ABOUT THIS TASK ▸
Only one stretch of the data below is wanted: the lines starting at the one with "y\<bar>) \<le> real" and ending at the one with "k) * real p", both included, given again exactly.

-- Opening Marker --

(* Let $p\ge3$ be an odd integer, let $k\ge1$, let $U$ be the uniform distribution on the subset $\{0,1\}\subset\mathbb{F}_p$, and let $D$ be a probability distribution on $\mathbb{F}_p^k$ such that $|D(x)-p^{-k}|\le p^{-2k}$ for each $x\in\mathbb{F}_p^k$. Then there exists a probability distribution $E$ on $\mathbb{F}_p^k$ such that $D=U^k+E$.
   Context: $U^k$ is the product distribution on $\mathbb{F}_p^k$ with independent coordinates distributed according to $U$. For distributions $D',D''$ on $\mathbb{F}_p^k$, $D'+D''$ is their convolution: $(D'+D'')(x)=\sum_{y+z=x}D'(y)D''(z)$. Here $\mathbb{F}_p$ denotes $\mathbb{Z}/p\mathbb{Z}$. *)

theory Defs
  imports Complex_Main
begin

text \<open>Elements of F_p^k are modelled as functions nat => nat with coordinates
  x i in {0..<p} for i < k and x i = 0 for i >= k (canonical representatives of Z/pZ).\<close>

definition vecs :: "nat \<Rightarrow> nat \<Rightarrow> (nat \<Rightarrow> nat) set" where
  "vecs p k = {x. (\<forall>i<k. x i < p) \<and> (\<forall>i\<ge>k. x i = 0)}"

definition vadd :: "nat \<Rightarrow> nat \<Rightarrow> (nat \<Rightarrow> nat) \<Rightarrow> (nat \<Rightarrow> nat) \<Rightarrow> (nat \<Rightarrow> nat)" where
  "vadd p k x y = (\<lambda>i. if i < k then (x i + y i) mod p else 0)"

definition is_distr :: "nat \<Rightarrow> nat \<Rightarrow> ((nat \<Rightarrow> nat) \<Rightarrow> real) \<Rightarrow> bool" where
  "is_distr p k D \<longleftrightarrow> (\<forall>x\<in>vecs p k. D x \<ge> 0) \<and> (\<Sum>x\<in>vecs p k. D x) = 1"

definition conv :: "nat \<Rightarrow> nat \<Rightarrow> ((nat \<Rightarrow> nat) \<Rightarrow> real) \<Rightarrow> ((nat \<Rightarrow> nat) \<Rightarrow> real)
    \<Rightarrow> (nat \<Rightarrow> nat) \<Rightarrow> real" where
  "conv p k D1 D2 x = (\<Sum>y\<in>vecs p k. \<Sum>z\<in>vecs p k. if vadd p k y z = x then D1 y * D2 z else 0)"

definition U01 :: "nat \<Rightarrow> real" where
  "U01 a = (if a \<in> {0, 1} then 1/2 else 0)"

definition prod_distr :: "nat \<Rightarrow> (nat \<Rightarrow> real) \<Rightarrow> (nat \<Rightarrow> nat) \<Rightarrow> real" where
  "prod_distr k U x = (\<Prod>i<k. U (x i))"

end

theory Submission
  imports Defs
begin

text \<open>
  Reading coordinates as representatives in {0, ..., p - 1}, the signed function
  G x = (-1)^(x 0 + ... + x (k - 1)) is a convolution inverse of U^k.  In one coordinate,
  (U * g) c = ((-1)^c + (-1)^(c - 1)) / 2 vanishes for c \<noteq> 0, while at c = 0 the
  second term wraps around to (-1)^(p - 1) = 1 because p is odd.  Hence E = G * D
  satisfies U^k * E = (U^k * G) * D = D, and E has total mass (sum G) (sum D) = 1.
  As G has total mass 1 and |G| = 1, E x = p^-k + (G * (D - p^-k)) x lies within
  p^k p^-2k = p^-k of p^-k, so E is nonnegative.
\<close>

lemma add_mod_eq_iff_eq_diff_mod:
  fixes a b c p :: nat
  assumes "a < p" "b \<le> p" "c < p"
  shows "(b + c) mod p = a \<longleftrightarrow> c = (a + p - b) mod p"
proof
  assume sum: "(b + c) mod p = a"
  have "c = (b + c + (p - b)) mod p" using assms by simp
  also have "\<dots> = (a + p - b) mod p" using sum assms(2) by (metis mod_add_left_eq add_diff_assoc)
  finally show "c = (a + p - b) mod p" .
next
  assume "c = (a + p - b) mod p"
  then have "(b + c) mod p = (b + (a + p - b)) mod p" by (simp add: mod_add_right_eq)
  also have "\<dots> = a" using assms by simp
  finally show "(b + c) mod p = a" .
qed

lemma finite_vecs: "finite (vecs p k)"
proof -
  have "vecs p k = {x. \<forall>i. (i \<in> {..<k} \<longrightarrow> x i \<in> {..<p}) \<and> (i \<notin> {..<k} \<longrightarrow> x i = 0)}"
    by (auto simp: vecs_def)
  then show ?thesis using finite_set_of_finite_funs[of "{..<k}" "{..<p}" 0] by simp
qed

lemma sum_vecs_Suc:
  "(\<Sum>x\<in>vecs p (Suc k). h x) = (\<Sum>x\<in>vecs p k. \<Sum>c<p. h (x(k := c)))"
  unfolding sum.cartesian_product
  by (rule sum.reindex_bij_witness[where i="\<lambda>(x, c). x(k := c)" and j="\<lambda>x. (x(k := 0), x k)"])
     (auto simp: vecs_def less_Suc_eq fun_eq_iff)

lemma sum_prod_vecs:
  "(\<Sum>x\<in>vecs p k. \<Prod>i<k. f i (x i)) = (\<Prod>i<k. \<Sum>c<p. (f i c :: real))"
proof (induction k)
  case 0
  have "vecs p 0 = {\<lambda>_. 0}" by (auto simp: vecs_def)
  then show ?case by simp
next
  case (Suc k)
  have "(\<Sum>x\<in>vecs p (Suc k). \<Prod>i<Suc k. f i (x i))
      = (\<Sum>x\<in>vecs p k. \<Sum>c<p. (\<Prod>i<k. f i (x i)) * f k c)"
    unfolding sum_vecs_Suc by (intro sum.cong refl) (auto simp: lessThan_Suc intro!: prod.cong)
  also have "\<dots> = (\<Sum>x\<in>vecs p k. \<Prod>i<k. f i (x i)) * (\<Sum>c<p. f k c)"
    by (simp add: sum_product)
  finally show ?case using Suc by simp
qed

lemma sum_prod_distr: "(\<Sum>x\<in>vecs p k. prod_distr k f x) = (\<Sum>c<p. f c) ^ k"
  unfolding prod_distr_def using sum_prod_vecs[where f="\<lambda>_. f"] by simp

lemma vadd_in_vecs: "p > 0 \<Longrightarrow> vadd p k x y \<in> vecs p k"
  by (auto simp: vadd_def vecs_def)

lemma vadd_assoc: "vadd p k (vadd p k x y) z = vadd p k x (vadd p k y z)"
  by (auto simp: vadd_def mod_simps add.assoc)

text \<open>Writing x i + p - y i avoids truncated subtraction, since y i < p on vecs p k.\<close>

definition vsub :: "nat \<Rightarrow> nat \<Rightarrow> (nat \<Rightarrow> nat) \<Rightarrow> (nat \<Rightarrow> nat) \<Rightarrow> (nat \<Rightarrow> nat)" where
  "vsub p k x y = (\<lambda>i. if i < k then (x i + p - y i) mod p else 0)"

lemma vsub_in_vecs: "p > 0 \<Longrightarrow> vsub p k x y \<in> vecs p k"
  by (auto simp: vsub_def vecs_def)

lemma vadd_eq_iff_eq_vsub:
  assumes "x \<in> vecs p k" "y \<in> vecs p k" "z \<in> vecs p k"
  shows "vadd p k y z = x \<longleftrightarrow> z = vsub p k x y"
proof -
  have "vadd p k y z = x \<longleftrightarrow> (\<forall>i<k. (y i + z i) mod p = x i)"
    using assms(1) by (auto simp: vadd_def vecs_def fun_eq_iff)
  also have "\<dots> \<longleftrightarrow> (\<forall>i<k. z i = (x i + p - y i) mod p)"
    using assms by (auto simp: vecs_def add_mod_eq_iff_eq_diff_mod less_imp_le)
  also have "\<dots> \<longleftrightarrow> z = vsub p k x y"
    using assms(3) by (auto simp: vsub_def vecs_def fun_eq_iff)
  finally show ?thesis .
qed

lemma conv_eq_sum_vsub:
  assumes "p > 0" "x \<in> vecs p k"
  shows "conv p k A B x = (\<Sum>y\<in>vecs p k. A y * B (vsub p k x y))"
  unfolding conv_def
proof (rule sum.cong[OF refl])
  fix y assume "y \<in> vecs p k"
  then have "(\<Sum>z\<in>vecs p k. if vadd p k y z = x then A y * B z else 0)
      = (\<Sum>z\<in>vecs p k. if z = vsub p k x y then A y * B z else 0)"
    using assms(2) by (intro sum.cong refl) (simp add: vadd_eq_iff_eq_vsub)
  also have "\<dots> = A y * B (vsub p k x y)"
    using vsub_in_vecs[OF assms(1)] finite_vecs by (simp add: sum.delta')
  finally show "(\<Sum>z\<in>vecs p k. if vadd p k y z = x then A y * B z else 0) = A y * B (vsub p k x y)" .
qed

lemma conv_cong:
  assumes "\<And>y. y \<in> vecs p k \<Longrightarrow> A y = A' y" "\<And>z. z \<in> vecs p k \<Longrightarrow> B z = B' z"
  shows "conv p k A B x = conv p k A' B' x"
  unfolding conv_def using assms by (intro sum.cong refl) auto

lemma sum_conv_mult:
  assumes "p > 0"
  shows "(\<Sum>x\<in>vecs p k. conv p k A B x * h x)
    = (\<Sum>y\<in>vecs p k. \<Sum>z\<in>vecs p k. A y * B z * h (vadd p k y z))"
proof -
  let ?V = "vecs p k"
  have "(\<Sum>x\<in>?V. conv p k A B x * h x)
      = (\<Sum>x\<in>?V. \<Sum>y\<in>?V. \<Sum>z\<in>?V. if vadd p k y z = x then A y * B z * h x else 0)"
    unfolding conv_def sum_distrib_right by (auto intro!: sum.cong)
  also have "\<dots> = (\<Sum>y\<in>?V. \<Sum>z\<in>?V. \<Sum>x\<in>?V. if vadd p k y z = x then A y * B z * h x else 0)"
    by (subst sum.swap) (intro sum.cong refl sum.swap)
  also have "\<dots> = (\<Sum>y\<in>?V. \<Sum>z\<in>?V. A y * B z * h (vadd p k y z))"
    using vadd_in_vecs[OF assms] finite_vecs by (simp add: sum.delta)
  finally show ?thesis .
qed

lemma sum_conv:
  "p > 0 \<Longrightarrow> (\<Sum>x\<in>vecs p k. conv p k A B x) = (\<Sum>y\<in>vecs p k. A y) * (\<Sum>z\<in>vecs p k. B z)"
  using sum_conv_mult[of p k A B "\<lambda>_. 1"] by (simp add: sum_product)

lemma conv_assoc:
  assumes "p > 0"
  shows "conv p k A (conv p k B C) x = conv p k (conv p k A B) C x"
proof -
  let ?V = "vecs p k"
  let ?ind = "\<lambda>P. if P then 1 else 0 :: real"
  have "conv p k A (conv p k B C) x
      = (\<Sum>y\<in>?V. A y * (\<Sum>u\<in>?V. conv p k B C u * ?ind (vadd p k y u = x)))"
    unfolding conv_def[of p k A] sum_distrib_left by (auto intro!: sum.cong)
  also have "\<dots> = (\<Sum>y\<in>?V. \<Sum>z\<in>?V. \<Sum>w\<in>?V. A y * B z * C w * ?ind (vadd p k y (vadd p k z w) = x))"
    unfolding sum_conv_mult[OF assms] sum_distrib_left by (simp add: mult.assoc)
  also have "\<dots> = (\<Sum>w\<in>?V. \<Sum>y\<in>?V. \<Sum>z\<in>?V. A y * B z * C w * ?ind (vadd p k (vadd p k y z) w = x))"
    unfolding vadd_assoc by (subst sum.swap, subst (2) sum.swap) (auto intro!: sum.cong sum.swap)
  also have "\<dots> = (\<Sum>w\<in>?V. C w * (\<Sum>u\<in>?V. conv p k A B u * ?ind (vadd p k u w = x)))"
    unfolding sum_conv_mult[OF assms] sum_distrib_left by (auto simp: ac_simps intro!: sum.cong)
  also have "\<dots> = conv p k (conv p k A B) C x"
    unfolding conv_def[of p k "conv p k A B"] sum_distrib_left
    by (subst (2) sum.swap) (auto simp: ac_simps intro!: sum.cong)
  finally show ?thesis .
qed

lemma conv_point_mass_left:
  assumes "p > 0" "x \<in> vecs p k"
  shows "conv p k (\<lambda>y. if y = (\<lambda>_. 0) then 1 else 0) B x = B x"
proof -
  have "conv p k (\<lambda>y. if y = (\<lambda>_. 0) then 1 else 0) B x
      = (\<Sum>y\<in>vecs p k. if y = (\<lambda>_. 0) then B (vsub p k x y) else 0)"
    unfolding conv_eq_sum_vsub[OF assms] by (intro sum.cong) auto
  also have "\<dots> = B (vsub p k x (\<lambda>_. 0))"
    using assms(1) finite_vecs by (simp add: sum.delta' vecs_def)
  also have "vsub p k x (\<lambda>_. 0) = x"
    using assms(2) by (auto simp: vsub_def vecs_def)
  finally show ?thesis .
qed

lemma conv_deviation_from_const:
  assumes "p > 0" "x \<in> vecs p k" and close: "\<forall>z\<in>vecs p k. \<bar>B z - c\<bar> \<le> \<epsilon>"
  shows "\<bar>conv p k A B x - c * (\<Sum>y\<in>vecs p k. A y)\<bar> \<le> \<epsilon> * (\<Sum>y\<in>vecs p k. \<bar>A y\<bar>)"
proof -
  have "\<bar>conv p k A B x - c * (\<Sum>y\<in>vecs p k. A y)\<bar>
      = \<bar>\<Sum>y\<in>vecs p k. A y * (B (vsub p k x y) - c)\<bar>"
    unfolding conv_eq_sum_vsub[OF assms(1,2)]
    by (simp add: sum_distrib_left right_diff_distrib sum_subtractf ac_simps)
  also have "\<dots> \<le> (\<Sum>y\<in>vecs p k. \<bar>A y\<bar> * \<epsilon>)"
    using close vsub_in_vecs[OF assms(1)]
    by (intro order.trans[OF sum_abs] sum_mono) (simp add: abs_mult mult_left_mono)
  also have "\<dots> = \<epsilon> * (\<Sum>y\<in>vecs p k. \<bar>A y\<bar>)"
    by (simp add: sum_distrib_left mult.commute)
  finally show ?thesis .
qed

lemma conv_prod_distr:
  assumes "p > 0" "x \<in> vecs p k"
  shows "conv p k (prod_distr k f) (prod_distr k g) x
    = (\<Prod>i<k. \<Sum>a<p. f a * g ((x i + p - a) mod p))"
proof -
  have "conv p k (prod_distr k f) (prod_distr k g) x
      = (\<Sum>y\<in>vecs p k. \<Prod>i<k. f (y i) * g ((x i + p - y i) mod p))"
    unfolding conv_eq_sum_vsub[OF assms] prod_distr_def
    by (intro sum.cong refl) (simp add: prod.distrib vsub_def)
  then show ?thesis
    using sum_prod_vecs[where f="\<lambda>i a. f a * g ((x i + p - a) mod p)"] by simp
qed

lemma sum_alternating_odd:
  assumes "odd n"
  shows "(\<Sum>a<n. (-1::real) ^ a) = 1"
proof -
  obtain m where "n = 2 * m + 1" using assms by (rule oddE)
  moreover have "(\<Sum>a<2 * m + 1. (-1::real) ^ a) = 1"
    by (induction m) (auto simp: lessThan_Suc)
  ultimately show ?thesis by simp
qed

lemma sum_U01_alternating:
  assumes "p \<ge> 3" "odd p" "c < p"
  shows "(\<Sum>a<p. U01 a * (-1::real) ^ ((c + p - a) mod p)) = (if c = 0 then 1 else 0)"
proof -
  have "(\<Sum>a<p. U01 a * (-1::real) ^ ((c + p - a) mod p)) = (\<Sum>a\<in>{0, 1}. U01 a * (-1) ^ ((c + p - a) mod p))"
    using assms by (intro sum.mono_neutral_right) (auto simp: U01_def)
  also have "\<dots> = ((-1) ^ c + (-1) ^ ((c + p - 1) mod p)) / 2"
    using assms by (simp add: U01_def)
  also have "\<dots> = (if c = 0 then 1 else 0)"
  proof (cases c)
    case 0
    then show ?thesis using assms by simp
  next
    case (Suc c')
    then show ?thesis using assms by simp
  qed
  finally show ?thesis .
qed

lemma conv_U01_alternating:
  assumes "p \<ge> 3" "odd p" "x \<in> vecs p k"
  shows "conv p k (prod_distr k U01) (prod_distr k (\<lambda>a. (-1) ^ a)) x = (if x = (\<lambda>_. 0) then 1 else 0)"
proof -
  have "p > 0" using assms(1) by simp
  then have "conv p k (prod_distr k U01) (prod_distr k (\<lambda>a. (-1) ^ a)) x = (\<Prod>i<k. if x i = 0 then 1 else 0)"
    using assms unfolding conv_prod_distr[OF \<open>p > 0\<close> assms(3)]
    by (intro prod.cong refl sum_U01_alternating) (auto simp: vecs_def)
  also have "\<dots> = (if x = (\<lambda>_. 0) then 1 else 0)"
  proof (cases "x = (\<lambda>_. 0)")
    case False
    then obtain j where j: "x j \<noteq> 0" by (metis ext)
    moreover have "j < k"
    proof (rule ccontr)
      assume "\<not> j < k"
      then show False using assms(3) j by (simp add: vecs_def)
    qed
    ultimately show ?thesis using False by (intro trans[OF prod_zero]) auto
  qed simp
  finally show ?thesis .
qed

lemma conv_nonneg_if_near_uniform:
  assumes "p > 0" "x \<in> vecs p k"
    and "(\<Sum>y\<in>vecs p k. A y) = 1" "(\<Sum>y\<in>vecs p k. \<bar>A y\<bar>) \<le> real p ^ k"
    and "\<forall>z\<in>vecs p k. \<bar>B z - 1 / real p ^ k\<bar> \<le> 1 / real p ^ (2 * k)"
  shows "conv p k A B x \<ge> 0"
proof -
  have "\<bar>conv p k A B x - 1 / real p ^ k\<bar> \<le> 1 / real p ^ (2 * k) * (\<Sum>y\<in>vecs p k. \<bar>A y\<bar>)"
    using conv_deviation_from_const[OF assms(1,2,5), of A] assms(3) by simp
  also have "\<dots> \<le> 1 / real p ^ (2 * k) * real p ^ k"
    using assms(4) by (simp add: divide_right_mono)
  also have "\<dots> = 1 / real p ^ k"
    using assms(1) by (simp add: power_mult power2_eq_square power_mult_distrib)
  finally show ?thesis by linarith
qed

theorem lemma4p1:
  fixes p k :: nat and D :: "(nat \<Rightarrow> nat) \<Rightarrow> real"
  assumes "p \<ge> 3" and "odd p" and "k \<ge> 1"
    and "is_distr p k D"
    and "\<forall>x\<in>vecs p k. \<bar>D x - 1 / real p ^ k\<bar> \<le> 1 / real p ^ (2 * k)"
  shows "\<exists>E. is_distr p k E \<and> (\<forall>x\<in>vecs p k. D x = conv p k (prod_distr k U01) E x)"
proof -
  have p0: "p > 0" using assms(1) by simp
  define G where "G = prod_distr k (\<lambda>a. (-1::real) ^ a)"
  define E where "E = conv p k G D"
  have sum_G: "(\<Sum>w\<in>vecs p k. G w) = 1"
    unfolding G_def sum_prod_distr using sum_alternating_odd[OF assms(2)] by simp
  have sum_abs_G: "(\<Sum>w\<in>vecs p k. \<bar>G w\<bar>) = real p ^ k"
    using sum_prod_distr[where f="\<lambda>a. \<bar>(-1::real) ^ a\<bar>"]
    unfolding G_def prod_distr_def by (simp add: abs_prod)
  have "\<forall>x\<in>vecs p k. E x \<ge> 0"
    unfolding E_def using conv_nonneg_if_near_uniform[OF p0 _ sum_G _ assms(5)] sum_abs_G by simp
  moreover have "(\<Sum>x\<in>vecs p k. E x) = 1"
    using assms(4) unfolding E_def sum_conv[OF p0] sum_G is_distr_def by simp
  moreover have "D x = conv p k (prod_distr k U01) E x" if "x \<in> vecs p k" for x
  proof -
    have "conv p k (prod_distr k U01) E x = conv p k (conv p k (prod_distr k U01) G) D x"
      unfolding E_def by (rule conv_assoc[OF p0])
    also have "\<dots> = conv p k (\<lambda>y. if y = (\<lambda>_. 0) then 1 else 0) D x"
      using conv_U01_alternating[OF assms(1,2)] unfolding G_def by (intro conv_cong) auto
    also have "\<dots> = D x"
      by (rule conv_point_mass_left[OF p0 that])
    finally show ?thesis by simp
  qed
  ultimately show ?thesis unfolding is_distr_def by blast
qed

end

-- Closing Marker --

TASK SOLUTION ▸
    and "(\<Sum>y\<in>vecs p k. A y) = 1" "(\<Sum>y\<in>vecs p k. \<bar>A y\<bar>) \<le> real p ^ k"
    and "\<forall>z\<in>vecs p k. \<bar>B z - 1 / real p ^ k\<bar> \<le> 1 / real p ^ (2 * k)"
  shows "conv p k A B x \<ge> 0"
proof -
  have "\<bar>conv p k A B x - 1 / real p ^ k\<bar> \<le> 1 / real p ^ (2 * k) * (\<Sum>y\<in>vecs p k. \<bar>A y\<bar>)"
    using conv_deviation_from_const[OF assms(1,2,5), of A] assms(3) by simp
  also have "\<dots> \<le> 1 / real p ^ (2 * k) * real p ^ k"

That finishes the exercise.